Abstract
Background
Measuring arterial stiffness using pulse wave velocity (PWV) has become an important tool to assess vascular function and cardiovascular mortality. For subject with hypertension, end-stage renal disease and diabetes, PWV has been shown to predict cardiovascular and all-cause mortality. We hypothesize that PWV would also predict mortality in subjects who have undergone kidney transplantation.
Methods
A cohort of 330 patients with renal transplantation was studied with a mean age at entry 51.4 ± 0.75 years. Mean follow-up was 3.8 years (± 0.7 years); 16 deaths occurred during follow-up. At entry, together with standard clinical and biochemical parameters, PWV was determined from pressure tracing over carotid and femoral arteries.
Results
With increasing PWV, there was a significant increase in age, systolic blood pressure and pulse pressure. In addition, subjects with higher PWV also exhibited more frequently the presence of coronary heart disease. On the basis of Cox analyses, PWV and systolic blood pressure emerged as predictors of all-cause mortality.
Conclusion
These results provide evidence that PWV is a strong predictor of all-cause mortality in the population of renal transplant recipients.

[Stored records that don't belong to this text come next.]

text \<open>R is C^1 on closure(Omega) x [-A,A] (continuous partial derivatives up to the boundary of
  each closed rectangle [a_i,b_i] x [-A,A]) and its W^{1,infinity}(Omega x ]-A,A[) norm
  (sup |R| + sup |d_x R| + sup |d_theta R|) is < C_R.\<close>
definition R_hyp :: "(nat \<Rightarrow> real) \<Rightarrow> (nat \<Rightarrow> real) \<Rightarrow> nat \<Rightarrow> real \<Rightarrow> (real \<Rightarrow> real \<Rightarrow> real) \<Rightarrow> real \<Rightarrow> bool" where
  "R_hyp a b m A R C_R \<longleftrightarrow>
    (\<exists>Rx Rt.
      (\<forall>i<m. continuous_on ({a i..b i} \<times> {-A..A}) (\<lambda>(x,t). R x t)
           \<and> continuous_on ({a i..b i} \<times> {-A..A}) (\<lambda>(x,t). Rx x t)
           \<and> continuous_on ({a i..b i} \<times> {-A..A}) (\<lambda>(x,t). Rt x t)
           \<and> (\<forall>x\<in>{a i..b i}. \<forall>t\<in>{-A..A}.
                ((\<lambda>y. R y t) has_real_derivative Rx x t) (at x within {a i..b i})
              \<and> ((\<lambda>s. R x s) has_real_derivative Rt x t) (at t within {-A..A})))
    \<and> (SUP z\<in>Omega a b m \<times> {-A<..<A}. \<bar>R (fst z) (snd z)\<bar>)
      + (SUP z\<in>Omega a b m \<times> {-A<..<A}. \<bar>Rx (fst z) (snd z)\<bar>)
      + (SUP z\<in>Omega a b m \<times> {-A<..<A}. \<bar>Rt (fst z) (snd z)\<bar>) < C_R)"

definition K_hyp :: "(real \<Rightarrow> real) \<Rightarrow> real \<Rightarrow> real \<Rightarrow> bool" where
  "K_hyp K c_K C_K \<longleftrightarrow>
    (\<exists>K'. (\<forall>x. (K has_real_derivative K' x) (at x)) \<and> continuous_on UNIV K'
       \<and> (\<forall>x. \<bar>K' x\<bar> < C_K))
    \<and> (\<forall>x. K (- x) = K x) \<and> 0 < c_K \<and> (\<forall>x. c_K < K x \<and> K x < C_K)"

definition Lop :: "real set \<Rightarrow> (real \<Rightarrow> real) \<Rightarrow> (real \<Rightarrow> real) \<Rightarrow> real \<Rightarrow> real" where
  "Lop \<Omega> K \<phi> x = integral \<Omega> (\<lambda>y. (\<phi> x - \<phi> y) * K (x - y))"

definition C2_neumann_1d :: "(nat \<Rightarrow> real) \<Rightarrow> (nat \<Rightarrow> real) \<Rightarrow> nat \<Rightarrow>
    (real \<Rightarrow> real) \<Rightarrow> (real \<Rightarrow> real) \<Rightarrow> (real \<Rightarrow> real) \<Rightarrow> bool" where
  "C2_neumann_1d a b m \<psi> \<psi>1 \<psi>2 \<longleftrightarrow>
    (\<forall>i<m. (\<forall>x\<in>{a i..b i}. (\<psi> has_real_derivative \<psi>1 x) (at x within {a i..b i})
                         \<and> (\<psi>1 has_real_derivative \<psi>2 x) (at x within {a i..b i}))
          \<and> continuous_on {a i..b i} \<psi>2
          \<and> \<psi>1 (a i) = 0 \<and> \<psi>1 (b i) = 0)"

definition C2_neumann_2d :: "(nat \<Rightarrow> real) \<Rightarrow> (nat \<Rightarrow> real) \<Rightarrow> nat \<Rightarrow> real \<Rightarrow>
    (real \<Rightarrow> real \<Rightarrow> real) \<Rightarrow> (real \<Rightarrow> real \<Rightarrow> real) \<Rightarrow> (real \<Rightarrow> real \<Rightarrow> real) \<Rightarrow>
    (real \<Rightarrow> real \<Rightarrow> real) \<Rightarrow> (real \<Rightarrow> real \<Rightarrow> real) \<Rightarrow> bool" where
  "C2_neumann_2d a b m A u ux uxx ut utt \<longleftrightarrow>
    (\<forall>i<m.
       (\<forall>f\<in>{u, ux, uxx, ut, utt}. continuous_on ({a i..b i} \<times> {-A..A}) (\<lambda>(x,t). f x t))
     \<and> (\<forall>x\<in>{a i..b i}. \<forall>t\<in>{-A..A}.
          ((\<lambda>y. u y t) has_real_derivative ux x t) (at x within {a i..b i})
        \<and> ((\<lambda>y. ux y t) has_real_derivative uxx x t) (at x within {a i..b i})
        \<and> ((\<lambda>s. u x s) has_real_derivative ut x t) (at t within {-A..A})
        \<and> ((\<lambda>s. ut x s) has_real_derivative utt x t) (at t within {-A..A}))
     \<and> (\<forall>t\<in>{-A<..<A}. ux (a i) t = 0 \<and> ux (b i) t = 0))
    \<and> (\<forall>x\<in>Omega a b m. ut x (-A) = 0 \<and> ut x A = 0)"
section \<open>Polynomial identities\<close>

text \<open>\<open>vandermonde4 a b c x * schur22 a b c x\<close> is the determinant of the matrix with rows
  \<open>(1, w, w^4, w^5)\<close> for \<open>w = a, b, c, x\<close>, so \<open>schur22\<close> is the Schur polynomial \<open>s_(2,2)\<close>;
  likewise \<open>vandermonde3 a b c * complete_sym2 a b c\<close> is the one with rows \<open>(1, w, w^4)\<close>.\<close>

definition vandermonde3 :: "'a::comm_ring_1 \<Rightarrow> 'a \<Rightarrow> 'a \<Rightarrow> 'a" where
  "vandermonde3 a b c = (b - a) * (c - a) * (c - b)"

definition vandermonde4 :: "'a::comm_ring_1 \<Rightarrow> 'a \<Rightarrow> 'a \<Rightarrow> 'a \<Rightarrow> 'a" where
  "vandermonde4 a b c x = (b - a) * (c - a) * (x - a) * (c - b) * (x - b) * (x - c)"

definition complete_sym2 :: "'a::comm_ring_1 \<Rightarrow> 'a \<Rightarrow> 'a \<Rightarrow> 'a" where
  "complete_sym2 a b c = a^2 + b^2 + c^2 + a*b + b*c + c*a"

definition schur22 :: "'a::comm_ring_1 \<Rightarrow> 'a \<Rightarrow> 'a \<Rightarrow> 'a \<Rightarrow> 'a" where
  "schur22 a b c x = (a*b + a*c + a*x + b*c + b*x + c*x)^2
     - (a + b + c + x) * (a*b*c + a*b*x + a*c*x + b*c*x)"

lemma cramer_014:
  fixes a b c da db dc :: "'a::idom"
  assumes "\<And>k. k \<in> {0, 1, 4} \<Longrightarrow> da * a^k + db * b^k + dc * c^k = 0"
  shows "da * (vandermonde3 a b c * complete_sym2 a b c) = 0"
proof -
  have "da + db + dc = 0" "da * a + db * b + dc * c = 0" "da * a^4 + db * b^4 + dc * c^4 = 0"
    using assms[of 0] assms[of 1] assms[of 4] by simp_all
  then show ?thesis
    unfolding vandermonde3_def complete_sym2_def by algebra
qed

lemma cramer_0145:
  fixes a b c x da db dc dx :: "'a::idom"
  assumes "\<And>k. k \<in> {0, 1, 4, 5} \<Longrightarrow> da * a^k + db * b^k + dc * c^k + dx * x^k = 0"
  shows "dx * (vandermonde4 a b c x * schur22 a b c x) = 0"
proof -
  have "da + db + dc + dx = 0" "da * a + db * b + dc * c + dx * x = 0"
    "da * a^4 + db * b^4 + dc * c^4 + dx * x^4 = 0" "da * a^5 + db * b^5 + dc * c^5 + dx * x^5 = 0"
    using assms[of 0] assms[of 1] assms[of 4] assms[of 5] by simp_all
  then show ?thesis
    unfolding vandermonde4_def schur22_def by algebra
qed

Keywords: Pulse Wave Velocity, Arterial Stiffness, Renal Transplantation, Mortality
Introduction
Measuring arterial stiffness has become a major tool for assessing arterial function and cardiovascular mortality [1]. In particular, pulse wave velocity (PWV) has been proposed to be a clinically useful stiffness marker due to its non-invasiveness and ease of use [2]. PWV not only reflects the overall atherosclerotic burden of the arterial tree but has also been shown to predict cardiovascular mortality in hypertension [3,4], end-stage renal disease [5,6], and diabetes mellitus [6,7].
Another population with high cardiovascular risk includes subjects who have undergone kidney transplantation. To date, only few studies have investigated arterial function in kidney transplant recipients, and little is known about the predictive value of PWV in this population. Therefore, we hypothesize that PWV may also predict mortality in this group of patients. In the present study, we evaluated the predictive value of PWV in 330 kidney transplant patients.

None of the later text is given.